Apparently, while political integration requires action, trade imbalances require patience.
On Thursday and for the days to come the official German position appears to be that the German trade surplus is a force of nature, beyond anyone’s political control.
Germany has the biggest trade surplus in the world in goods and services, to the tune of €266bn. For goods alone, that amounts to 8,3% of the GDP. That is a problem for the Trump administration, the IMF, the French Presidential candidate Emmanuel Macron, the OECD and just about everyone outside the European Council of Ministers.
Don’t touch my surplus
On Friday, Germany is hosting the G20 Finance Ministers, where he is expected to come face to face with those arguing that Germany is in effect manipulating the Euro to boost its exports, including the United States. Treasury Secretary Steve Mnuchin and the Chief of the US Trade Council, Peter Navarro, are accusing Germany of benefitting from a grossly undervalued Euro.
The OECD also estimates the Euro to be undervalued by 9-to-25%, depending on the methodology one uses.
Speaking at an event of the Carnegie Foundation in Washington on Thursday, Schäuble defended the German trade surplus vis-à-vis the United States noting that “all of us” benefited from “global integration and trade in recent decades,” DW reports.”
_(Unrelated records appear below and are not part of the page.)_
(* Let $0\to A\to B\xrightarrow{g} C\to 0$ be a short exact sequence of abelian groups with $C$ torsion-free and $B/nB$ finite for every $n\in\mathbb Z_{>0}$, considered as a three-sorted structure as described below. If $X\subseteq B$ is definable, then there is $n\in\mathbb Z_{>0}$ such that $X$ is almost saturated with respect to the quotient map $B\to B/nA$.
   Context: The structure has three sorts $A$, $B$, $C$, the group language $(+,0,-)$ on $B$, the maps $A\to B$ and $g:B\to C$, arbitrary additional constants, relations and functions on $A$ and on $C$ (extending their group languages), and for each $n\in\mathbb Z_{>0}$ a predicate interpreted as $nB$. (Motivating example: $1\to k^\times\to RV\to\Gamma\to 0$ for a valued field, with field structure on $k$ and ordered group structure on $\Gamma$.) A definable set $Z\subseteq X$ is almost saturated with respect to a map $f:X\to Y$ if $f(Z)\cap f(X\setminus Z)$ is finite. *)

theory Defs
  imports Main
begin

fun nmul :: "nat \<Rightarrow> 'a::ab_group_add \<Rightarrow> 'a" where
  "nmul 0 x = 0"
| "nmul (Suc n) x = x + nmul n x"

text \<open>Sort A: group language plus arbitrary function symbols (constants are
0-ary functions) of type 'fa and relation symbols of type 'ra.\<close>

datatype 'fa tmA =
    VarA nat
  | ZeroA
  | AddA "'fa tmA" "'fa tmA"
  | NegA "'fa tmA"
  | FunA 'fa "'fa tmA list"

datatype 'fa tmB =
    VarB nat
  | ZeroB
  | AddB "'fa tmB" "'fa tmB"
  | NegB "'fa tmB"
  | Iota "'fa tmA"

datatype ('fa, 'fc) tmC =
    VarC nat
  | ZeroC
  | AddC "('fa, 'fc) tmC" "('fa, 'fc) tmC"
  | NegC "('fa, 'fc) tmC"
  | FunC 'fc "('fa, 'fc) tmC list"
  | Gmap "'fa tmB"

datatype ('ra, 'fa, 'rc, 'fc) fml =
    EqA "'fa tmA" "'fa tmA"
  | EqB "'fa tmB" "'fa tmB"
  | EqC "('fa, 'fc) tmC" "('fa, 'fc) tmC"
  | RelA 'ra "'fa tmA list"
  | RelC 'rc "('fa, 'fc) tmC list"
  | DivB nat "'fa tmB"      \<comment> \<open>the predicate for nB, used for n > 0\<close>
  | Neg "('ra, 'fa, 'rc, 'fc) fml"
  | Conj "('ra, 'fa, 'rc, 'fc) fml" "('ra, 'fa, 'rc, 'fc) fml"
  | ExA nat "('ra, 'fa, 'rc, 'fc) fml"
  | ExB nat "('ra, 'fa, 'rc, 'fc) fml"
  | ExC nat "('ra, 'fa, 'rc, 'fc) fml"

primrec evalA :: "('fa \<Rightarrow> 'a list \<Rightarrow> 'a) \<Rightarrow> (nat \<Rightarrow> 'a::ab_group_add) \<Rightarrow> 'fa tmA \<Rightarrow> 'a" where
  "evalA FA e (VarA i) = e i"
| "evalA FA e ZeroA = 0"
| "evalA FA e (AddA s t) = evalA FA e s + evalA FA e t"
| "evalA FA e (NegA s) = - evalA FA e s"
| "evalA FA e (FunA f ts) = FA f (map (evalA FA e) ts)"
section \<open>Regret of the FTRL controller\<close>

lemma ftrl_controller_regret:
  fixes A :: "real^'dx^'dx" and B :: "real^'du^'dx" and lag :: "'p::finite \<Rightarrow> nat"
    and Ms :: "nat \<Rightarrow> real^'dx^'du^'p"
  assumes ftrl: "adaptive_ftrl (Mset \<kappa>M) (fcost c A B lag w) G \<sigma>0 h Ms"
    and \<delta>: "0 < \<delta>" and A: "onorm (\<lambda>x. A *v x) \<le> 1 - \<delta>" and B: "norm B \<le> \<kappa>B"
    and w: "\<And>t. norm (w t) \<le> wb"
    and lipschitz: "\<And>t. t \<ge> 1 \<Longrightarrow> l-lipschitz_on UNIV (\<lambda>(x, u). c t x u)"
    and "Mstar \<in> Mset \<kappa>M"
  defines "K \<equiv> real CARD('p) * wb * \<kappa>B"
  shows "(\<Sum>t=1..T. c t (traj A B w (\<lambda>s. dac lag (Ms s) w s) t) (dac lag (Ms t) w t))
           - (\<Sum>t=1..T. fcost c A B lag w t Mstar)
         \<le> ((1 + 2 * l * K / \<delta>\<^sup>2) / \<sigma>0 + 2 * \<sigma>0 * \<kappa>M\<^sup>2) * sqrt (sum h {1..T})"
proof -
  interpret adaptive_ftrl "Mset \<kappa>M" "fcost c A B lag w" G \<sigma>0 h Ms
    by (fact ftrl)
  let ?path = "\<Sum>t=1..T. norm (Ms (t + 1) - Ms t)"
  have "0 \<le> l"
    using lipschitz[of 1] by (simp add: lipschitz_on_def)
  moreover have "0 \<le> K"
    using order_trans[OF norm_ge_zero w[of 0]] order_trans[OF norm_ge_zero B] by (simp add: K_def)
  ultimately have "l * (K / \<delta>\<^sup>2) * ?path \<le> l * (K / \<delta>\<^sup>2) * (2 / \<sigma>0 * sqrt (sum h {1..T}))"
    by (intro mult_left_mono path_length) simp
  moreover have "norm (M - M') \<le> 2 * \<kappa>M" if "M \<in> Mset \<kappa>M" "M' \<in> Mset \<kappa>M" for M M'
    using norm_triangle_ineq4[of M M'] in_Mset_imp_norm_le[OF that(1)] in_Mset_imp_norm_le[OF that(2)]
    by linarith
  then have "(\<Sum>t=1..T. fcost c A B lag w t (Ms t)) - (\<Sum>t=1..T. fcost c A B lag w t Mstar)
      \<le> (1 / \<sigma>0 + \<sigma>0 * (2 * \<kappa>M)\<^sup>2 / 2) * sqrt (sum h {1..T})"
    by (rule adaptive_regret_bound[OF \<open>Mstar \<in> Mset \<kappa>M\<close>])
  moreover have "(\<Sum>t=1..T. c t (traj A B w (\<lambda>s. dac lag (Ms s) w s) t) (dac lag (Ms t) w t))
           - (\<Sum>t=1..T. fcost c A B lag w t (Ms t)) \<le> l * (K / \<delta>\<^sup>2) * ?path"
    using \<delta> A B w lipschitz unfolding K_def by (rule sum_cost_traj_le_sum_fcost)
  ultimately have "(\<Sum>t=1..T. c t (traj A B w (\<lambda>s. dac lag (Ms s) w s) t) (dac lag (Ms t) w t))
           - (\<Sum>t=1..T. fcost c A B lag w t Mstar)
      \<le> l * (K / \<delta>\<^sup>2) * (2 / \<sigma>0 * sqrt (sum h {1..T}))
        + (1 / \<sigma>0 + \<sigma>0 * (2 * \<kappa>M)\<^sup>2 / 2) * sqrt (sum h {1..T})"
    by linarith
  also have "\<dots> = ((1 + 2 * l * K / \<delta>\<^sup>2) / \<sigma>0 + 2 * \<sigma>0 * \<kappa>M\<^sup>2) * sqrt (sum h {1..T})"
    using base_rate_pos by (simp add: field_simps power2_eq_square)
  finally show ?thesis .
qed

lemma tuned_rate_bound:
  fixes \<delta> \<kappa> a \<sigma> q :: real
  assumes "0 < \<delta>" and "0 < \<kappa>" and "0 < a" and \<sigma>: "\<sigma> = sqrt a / (sqrt 2 * \<kappa> * \<delta>)"
    and "q \<le> a / \<delta>\<^sup>2"
  shows "q / \<sigma> + 2 * \<sigma> * \<kappa>\<^sup>2 \<le> 2 * \<kappa> / \<delta> * sqrt (2 * a)"
proof -
  define r where "r = sqrt a"
  have r: "0 < r" "a = r\<^sup>2" "sqrt (2 * a) = sqrt 2 * r"
    using \<open>0 < a\<close> by (simp_all add: r_def real_sqrt_mult)
  have "0 < \<sigma>"
    using assms by simp
  then have "q / \<sigma> \<le> (a / \<delta>\<^sup>2) / \<sigma>"
    using assms(5) by (intro divide_right_mono) auto
  \<comment> \<open>This \<open>\<sigma>\<close> makes both terms equal when \<open>q = a / \<delta>\<^sup>2\<close>.\<close>
  also have "(a / \<delta>\<^sup>2) / \<sigma> = sqrt 2 * \<kappa> * r / \<delta>"
    using assms r by (simp add: \<sigma> r_def[symmetric] field_simps power2_eq_square)
  finally have "q / \<sigma> \<le> sqrt 2 * \<kappa> * r / \<delta>" .
  moreover have "2 * \<sigma> * \<kappa>\<^sup>2 = sqrt 2 * \<kappa> * r / \<delta>"
  proof -
    have "sqrt 2 * sqrt 2 = (2::real)"
      by simp
    then show ?thesis
      using assms r by (simp add: \<sigma> r_def[symmetric] field_simps power2_eq_square)
  qed
  moreover have "2 * \<kappa> / \<delta> * sqrt (2 * a) = 2 * (sqrt 2 * \<kappa> * r / \<delta>)"
    using r by simp
  ultimately show ?thesis
    by linarith
qed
It’s not our fault we are great
According to the German public broadcaster, the defense of the German trade surplus has taken the form of a position paper to be distributed to G20 ministers. The argument put forward is that Germany’s trade surplus is not really under its own control. German products are “highly competitive” because they are good, the management of the Euro is “independent,” and exchange rates are set by “the invisible hand” of the market.
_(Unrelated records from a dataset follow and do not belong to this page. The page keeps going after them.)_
lemma continuous_on_visits:
  "continuous_on (joint_policy_vecs A) (\<lambda>x. visits (policy_of_vec x) s)"
  unfolding continuous_on_def
proof (intro ballI)
  fix x0 :: "real ^ ('i \<times> 's \<times> 'a)" assume x0: "x0 \<in> joint_policy_vecs A"
  define bound where "bound x = \<gamma> / (1 - \<gamma>) * l1_norm (row_mult (visits (policy_of_vec x0))
    (\<lambda>s s'. trans_matrix (policy_of_vec x) s s' - trans_matrix (policy_of_vec x0) s s'))" for x
  have "continuous_on (joint_policy_vecs A) bound"
    unfolding bound_def l1_norm_def row_mult_def
    by (intro continuous_on_mult continuous_on_const continuous_on_sum continuous_on_rabs
        continuous_on_diff continuous_on_trans_matrix)
  hence "(bound \<longlongrightarrow> bound x0) (at x0 within joint_policy_vecs A)"
    using x0 unfolding continuous_on_def by blast
  moreover have "bound x0 = 0"
    by (simp add: bound_def l1_norm_def row_mult_def)
  ultimately have bound: "(bound \<longlongrightarrow> 0) (at x0 within joint_policy_vecs A)"
    by simp
  have "norm (visits (policy_of_vec x) s - visits (policy_of_vec x0) s) \<le> bound x"
    if "x \<in> joint_policy_vecs A" for x
    using visits_diff_bound[of "policy_of_vec x0" "policy_of_vec x" s] x0 that
    unfolding joint_policy_vecs_def bound_def by simp
  hence "eventually (\<lambda>x. norm (visits (policy_of_vec x) s - visits (policy_of_vec x0) s) \<le> bound x)
      (at x0 within joint_policy_vecs A)"
    by (auto simp: eventually_at_filter intro: always_eventually)
  from Lim_null_comparison[OF this bound]
  have "((\<lambda>x. visits (policy_of_vec x) s - visits (policy_of_vec x0) s) \<longlongrightarrow> 0)
      (at x0 within joint_policy_vecs A)" .
  thus "((\<lambda>x. visits (policy_of_vec x) s) \<longlongrightarrow> visits (policy_of_vec x0) s) (at x0 within joint_policy_vecs A)"
    by (rule LIM_zero_cancel)
qed

lemma continuous_on_occ_vector:
  "continuous_on (joint_policy_vecs A) (\<lambda>x. occ_vector (policy_of_vec x))"
proof (rule continuous_on_eq)
  show "continuous_on (joint_policy_vecs A)
      (\<lambda>x. \<chi> k. (1 - \<gamma>) * visits (policy_of_vec x) (fst (snd k)) * x $ k)"
    by (intro continuous_on_vec_lambda continuous_on_mult continuous_on_const continuous_on_visits
        continuous_on_component continuous_on_id)
  show "(\<chi> k. (1 - \<gamma>) * visits (policy_of_vec x) (fst (snd k)) * x $ k) = occ_vector (policy_of_vec x)"
    if "x \<in> joint_policy_vecs A" for x
    using that unfolding joint_policy_vecs_def
    by (simp add: occ_vector_eq_visits vec_eq_iff policy_of_vec_def split: prod.splits)
qed

lemma col_mult_trans_matrix_fun_upd_diff:
  "col_mult (trans_matrix (\<pi>(i := p))) v s - col_mult (trans_matrix \<pi>) v s
   = (\<Sum>a\<in>A i. (p s a - \<pi> i s a) * (\<Sum>s'\<in>UNIV. agent_kernel \<pi> i s a s' * v s'))"
proof -
  have "col_mult (trans_matrix (\<pi>(i := p))) v s - col_mult (trans_matrix \<pi>) v s
      = (\<Sum>s'\<in>UNIV. \<Sum>a\<in>A i. (p s a - \<pi> i s a) * agent_kernel \<pi> i s a s' * v s')"
    unfolding col_mult_def sum_subtractf[symmetric] left_diff_distrib[symmetric]
      trans_matrix_fun_upd_diff sum_distrib_right ..
  also have "\<dots> = (\<Sum>a\<in>A i. (p s a - \<pi> i s a) * (\<Sum>s'\<in>UNIV. agent_kernel \<pi> i s a s' * v s'))"
    by (subst sum.swap) (simp add: sum_distrib_left mult.assoc)
  finally show ?thesis .
qed

lemma trans_matrix_coordinate_shift:
  assumes "a0 \<in> A i"
  shows "trans_matrix (\<pi>(i := (\<pi> i)(s0 := (\<pi> i s0)(a0 := \<pi> i s0 a0 + t)))) s s'
    = trans_matrix \<pi> s s' + t * (if s = s0 then agent_kernel \<pi> i s0 a0 s' else 0)"
proof -
  have "trans_matrix (\<pi>(i := (\<pi> i)(s0 := (\<pi> i s0)(a0 := \<pi> i s0 a0 + t)))) s s' - trans_matrix \<pi> s s'
      = (\<Sum>a\<in>A i. if a = a0 then (if s = s0 then t * agent_kernel \<pi> i s0 a0 s' else 0) else 0)"
    unfolding trans_matrix_fun_upd_diff by (intro sum.cong) auto
  thus ?thesis
    using assms by (simp add: algebra_simps)
qed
Alas, it is a matter of patience. The projection is the trade surplus will be reduced from 8,6% of the GDP in 2015 to 7% in 2018.
Precisely this case was made by Economy Minister Brigitte Zypries. “Our companies produce high-quality machines and equipment that customers abroad like to buy; we do not have to apologize for this,” she told Bild.
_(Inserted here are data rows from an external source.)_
lemma fin_sym_gen_set_DirProd:
  assumes "fin_sym_gen_set G S" "group H" "finite (carrier H)"
  shows "fin_sym_gen_set (G \<times>\<times> H) (insert \<one>\<^bsub>G\<^esub> S \<times> carrier H)"
proof (rule fin_sym_gen_setI)
  have G: "group G" and S: "finite S" "S \<subseteq> carrier G" "\<forall>s\<in>S. inv\<^bsub>G\<^esub> s \<in> S"
    using assms(1) by (auto simp: fin_sym_gen_set_def)
  interpret G: group G by fact
  interpret H: group H by fact
  show "group (G \<times>\<times> H)" using G assms(2) by (rule DirProd_group)
  show "finite (insert \<one>\<^bsub>G\<^esub> S \<times> carrier H)" using S(1) assms(3) by simp
  show "insert \<one>\<^bsub>G\<^esub> S \<times> carrier H \<subseteq> carrier (G \<times>\<times> H)" using S(2) by auto
  show "\<forall>s\<in>insert \<one>\<^bsub>G\<^esub> S \<times> carrier H. inv\<^bsub>G \<times>\<times> H\<^esub> s \<in> insert \<one>\<^bsub>G\<^esub> S \<times> carrier H"
    using S(2,3) by (auto simp: subsetD)
  show "carrier (G \<times>\<times> H) \<subseteq> word_prod (G \<times>\<times> H) ` lists (insert \<one>\<^bsub>G\<^esub> S \<times> carrier H)"
  proof (clarsimp)
    fix g k assume g: "g \<in> carrier G" and k: "k \<in> carrier H"
    obtain ss where ss: "ss \<in> lists S" "g = word_prod G ss"
      using g fin_sym_gen_set_carrier[OF assms(1)] by auto
    then have "(g, k) = word_prod (G \<times>\<times> H) ((\<one>\<^bsub>G\<^esub>, k) # map (\<lambda>s. (s, \<one>\<^bsub>H\<^esub>)) ss)"
      using S(2) k by (subst word_prod_DirProd_lift) (auto intro!: G.l_one[symmetric] G.word_prod_closed)
    moreover have "(\<one>\<^bsub>G\<^esub>, k) # map (\<lambda>s. (s, \<one>\<^bsub>H\<^esub>)) ss \<in> lists (insert \<one>\<^bsub>G\<^esub> S \<times> carrier H)"
      using ss(1) k by auto
    ultimately show "(g, k) \<in> word_prod (G \<times>\<times> H) ` lists (insert \<one>\<^bsub>G\<^esub> S \<times> carrier H)"
      by blast
  qed
qed

lemma word_dist_DirProd_ge:
  assumes "fin_sym_gen_set G S" "group H" "finite (carrier H)"
    and "p \<in> carrier (G \<times>\<times> H)" "q \<in> carrier (G \<times>\<times> H)"
  shows "word_dist G S (fst p) (fst q) \<le> word_dist (G \<times>\<times> H) (insert \<one>\<^bsub>G\<^esub> S \<times> carrier H) p q"
proof (rule word_dist_hom_le[OF fin_sym_gen_set_DirProd[OF assms(1-3)] _ _ _ assms(4,5)])
  show "group G" using assms(1) by (simp add: fin_sym_gen_set_def)
  show "fst \<in> hom (G \<times>\<times> H) G" by (auto simp: hom_def mult_DirProd')
qed auto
Of course, the size of the surplus is admittedly an “imbalance,” although that is not the term Mr. Schäuble is using. Be that as it may, there is nothing anyone can do. Besides, it is the Eurozone’s trade surplus the world that matters, not the German.
Within Europe, the problem of the German trade surplus has been raised by French presidential candidate Emmanuel Macron.
“Germany benefits from the imbalances within the eurozone and achieves very high trade surpluses,” Macron said in an interview published on April 17 with Germany’s Funke Mediengruppe and France’s Ouest-France newspaper. “Those aren’t a good thing either for Germany or for the economy of the euro zone. There should be a rebalancing.”
The criticism, of course, is that instead of increasing salaries and boosting public investment, Germany is affecting income and corporate tax cuts, to the tune of €11bn between 2015 and 2017. Whether these measures increase domestic demand or in fact increase foreign investment is debatable.
According to the German Economy Minister, Brigitte Zypries, Germany has also moved to introduce a national minimum wage and has taken some measures to increase domestic demand and, therefore, imports. The rest is all about market forces.